Data records:
□ □ □
(* Let $(x_i,y_i)_{i=1}^n$ be i.i.d. from a coupling $\hat\pi$ of $\alpha,\beta$. Let $\pi$ be a coupling of $\alpha,\beta$ with bounded density $p=\frac{d\pi}{d(\alpha\otimes\beta)}$, and $P=\frac1{n^2}(p(x_i,y_j))_{i,j=1}^n$. Then $\mathbb E\|\hat\Phi_n^*P-\Phi^*(p\,\alpha\otimes\beta)\|^2=O(n^{-1})$, and there is a constant $c$ (independent of $n,t$) such that for every $t>0$, with probability at least $1-2\exp(-2t^2/(64\|p\|_\infty^2))$, $$\|\hat\Phi_n^*P-\Phi^*(p\,\alpha\otimes\beta)\|\le c\,\frac{1+t}{\sqrt n}.$$
   Context: $\mathcal X,\mathcal Y$ compact metric spaces, $\alpha\in\mathcal P(\mathcal X)$, $\beta\in\mathcal P(\mathcal Y)$, $\mathbf C=(\mathbf C_1,\dots,\mathbf C_s):\mathcal X\times\mathcal Y\to\mathbb{R}^s$ continuous with $\|\mathbf C(x,y)\|\le1$. $\Phi^*\mu=(\int\mathbf C_kd\mu)_{k=1}^s$ for a measure $\mu$; for $P\in\mathbb{R}^{n\times n}$, $\hat\Phi_n^*P=\sum_{i,j}\mathbf C(x_i,y_j)P_{ij}\in\mathbb{R}^s$ (uncentered). $\|\cdot\|$ is the Euclidean norm on $\mathbb{R}^s$. *)

theory Defs
  imports "HOL-Probability.Probability" "HOL-Library.Landau_Symbols"
begin

definition is_coupling :: "'a measure \<Rightarrow> 'b measure \<Rightarrow> ('a \<times> 'b) measure \<Rightarrow> bool" where
  "is_coupling \<alpha> \<beta> \<pi> \<longleftrightarrow> prob_space \<pi> \<and> sets \<pi> = sets (\<alpha> \<Otimes>\<^sub>M \<beta>)
     \<and> distr \<pi> \<alpha> fst = \<alpha> \<and> distr \<pi> \<beta> snd = \<beta>"

definition Phi_hat_star_P :: "('a \<times> 'b \<Rightarrow> real^'s) \<Rightarrow> ('a \<times> 'b \<Rightarrow> real) \<Rightarrow> nat \<Rightarrow> (nat \<Rightarrow> 'a \<times> 'b) \<Rightarrow> real^'s" where
  "Phi_hat_star_P C p n \<omega> =
     (\<Sum>i<n. \<Sum>j<n. (p (fst (\<omega> i), snd (\<omega> j)) / (real n)^2) *\<^sub>R C (fst (\<omega> i), snd (\<omega> j)))"

definition Phi_star_density :: "('a \<times> 'b \<Rightarrow> real^'s) \<Rightarrow> ('a \<times> 'b) measure \<Rightarrow> ('a \<times> 'b \<Rightarrow> real) \<Rightarrow> real^'s" where
  "Phi_star_density C M p = (\<chi> k. integral\<^sup>L M (\<lambda>z. p z * C z $ k))"

end

(*
  Write V for the estimator and Phi for its target. For i <> j the pair (x_i, y_j) takes its
  coordinates from two independent draws of the coupling, so it is distributed according to
  alpha (x) beta: only the n diagonal terms among the n^2 summands of V are biased, and
  |E V - Phi| <= 2 sup|p| / n. Replacing a single draw changes fewer than 2n summands, hence V
  by at most 4 sup|p| / n. Integrating out one coordinate at a time, this bounded-difference
  property yields the variance bound Var V_k <= n (4 sup|p| / n)^2 (Efron-Stein) and, through
  Hoeffding's lemma in each coordinate, a sub-Gaussian moment generating function for
  |V - Phi| (McDiarmid). The first gives the O(1/n) mean-square error and, by Jensen,
  E |V - Phi| = O(n^(-1/2)); the Chernoff bound around this mean gives the tail estimate.
*)
theory Submission
  imports Defs
begin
□ □ □
WORK INSTRUCTION :: Repeat each line of the data exactly as it appears above.

RESPONSE FOR THIS EXERCISE ::
(* Let $(x_i,y_i)_{i=1}^n$ be i.i.d. from a coupling $\hat\pi$ of $\alpha,\beta$. Let $\pi$ be a coupling of $\alpha,\beta$ with bounded density $p=\frac{d\pi}{d(\alpha\otimes\beta)}$, and $P=\frac1{n^2}(p(x_i,y_j))_{i,j=1}^n$. Then $\mathbb E\|\hat\Phi_n^*P-\Phi^*(p\,\alpha\otimes\beta)\|^2=O(n^{-1})$, and there is a constant $c$ (independent of $n,t$) such that for every $t>0$, with probability at least $1-2\exp(-2t^2/(64\|p\|_\infty^2))$, $$\|\hat\Phi_n^*P-\Phi^*(p\,\alpha\otimes\beta)\|\le c\,\frac{1+t}{\sqrt n}.$$
   Context: $\mathcal X,\mathcal Y$ compact metric spaces, $\alpha\in\mathcal P(\mathcal X)$, $\beta\in\mathcal P(\mathcal Y)$, $\mathbf C=(\mathbf C_1,\dots,\mathbf C_s):\mathcal X\times\mathcal Y\to\mathbb{R}^s$ continuous with $\|\mathbf C(x,y)\|\le1$. $\Phi^*\mu=(\int\mathbf C_kd\mu)_{k=1}^s$ for a measure $\mu$; for $P\in\mathbb{R}^{n\times n}$, $\hat\Phi_n^*P=\sum_{i,j}\mathbf C(x_i,y_j)P_{ij}\in\mathbb{R}^s$ (uncentered). $\|\cdot\|$ is the Euclidean norm on $\mathbb{R}^s$. *)

theory Defs
  imports "HOL-Probability.Probability" "HOL-Library.Landau_Symbols"
begin

definition is_coupling :: "'a measure \<Rightarrow> 'b measure \<Rightarrow> ('a \<times> 'b) measure \<Rightarrow> bool" where
  "is_coupling \<alpha> \<beta> \<pi> \<longleftrightarrow> prob_space \<pi> \<and> sets \<pi> = sets (\<alpha> \<Otimes>\<^sub>M \<beta>)
     \<and> distr \<pi> \<alpha> fst = \<alpha> \<and> distr \<pi> \<beta> snd = \<beta>"

definition Phi_hat_star_P :: "('a \<times> 'b \<Rightarrow> real^'s) \<Rightarrow> ('a \<times> 'b \<Rightarrow> real) \<Rightarrow> nat \<Rightarrow> (nat \<Rightarrow> 'a \<times> 'b) \<Rightarrow> real^'s" where
  "Phi_hat_star_P C p n \<omega> =
     (\<Sum>i<n. \<Sum>j<n. (p (fst (\<omega> i), snd (\<omega> j)) / (real n)^2) *\<^sub>R C (fst (\<omega> i), snd (\<omega> j)))"

definition Phi_star_density :: "('a \<times> 'b \<Rightarrow> real^'s) \<Rightarrow> ('a \<times> 'b) measure \<Rightarrow> ('a \<times> 'b \<Rightarrow> real) \<Rightarrow> real^'s" where
  "Phi_star_density C M p = (\<chi> k. integral\<^sup>L M (\<lambda>z. p z * C z $ k))"

end

(*
  Write V for the estimator and Phi for its target. For i <> j the pair (x_i, y_j) takes its
  coordinates from two independent draws of the coupling, so it is distributed according to
  alpha (x) beta: only the n diagonal terms among the n^2 summands of V are biased, and
  |E V - Phi| <= 2 sup|p| / n. Replacing a single draw changes fewer than 2n summands, hence V
  by at most 4 sup|p| / n. Integrating out one coordinate at a time, this bounded-difference
  property yields the variance bound Var V_k <= n (4 sup|p| / n)^2 (Efron-Stein) and, through
  Hoeffding's lemma in each coordinate, a sub-Gaussian moment generating function for
  |V - Phi| (McDiarmid). The first gives the O(1/n) mean-square error and, by Jensen,
  E |V - Phi| = O(n^(-1/2)); the Chernoff bound around this mean gives the tail estimate.
*)
theory Submission
  imports Defs
begin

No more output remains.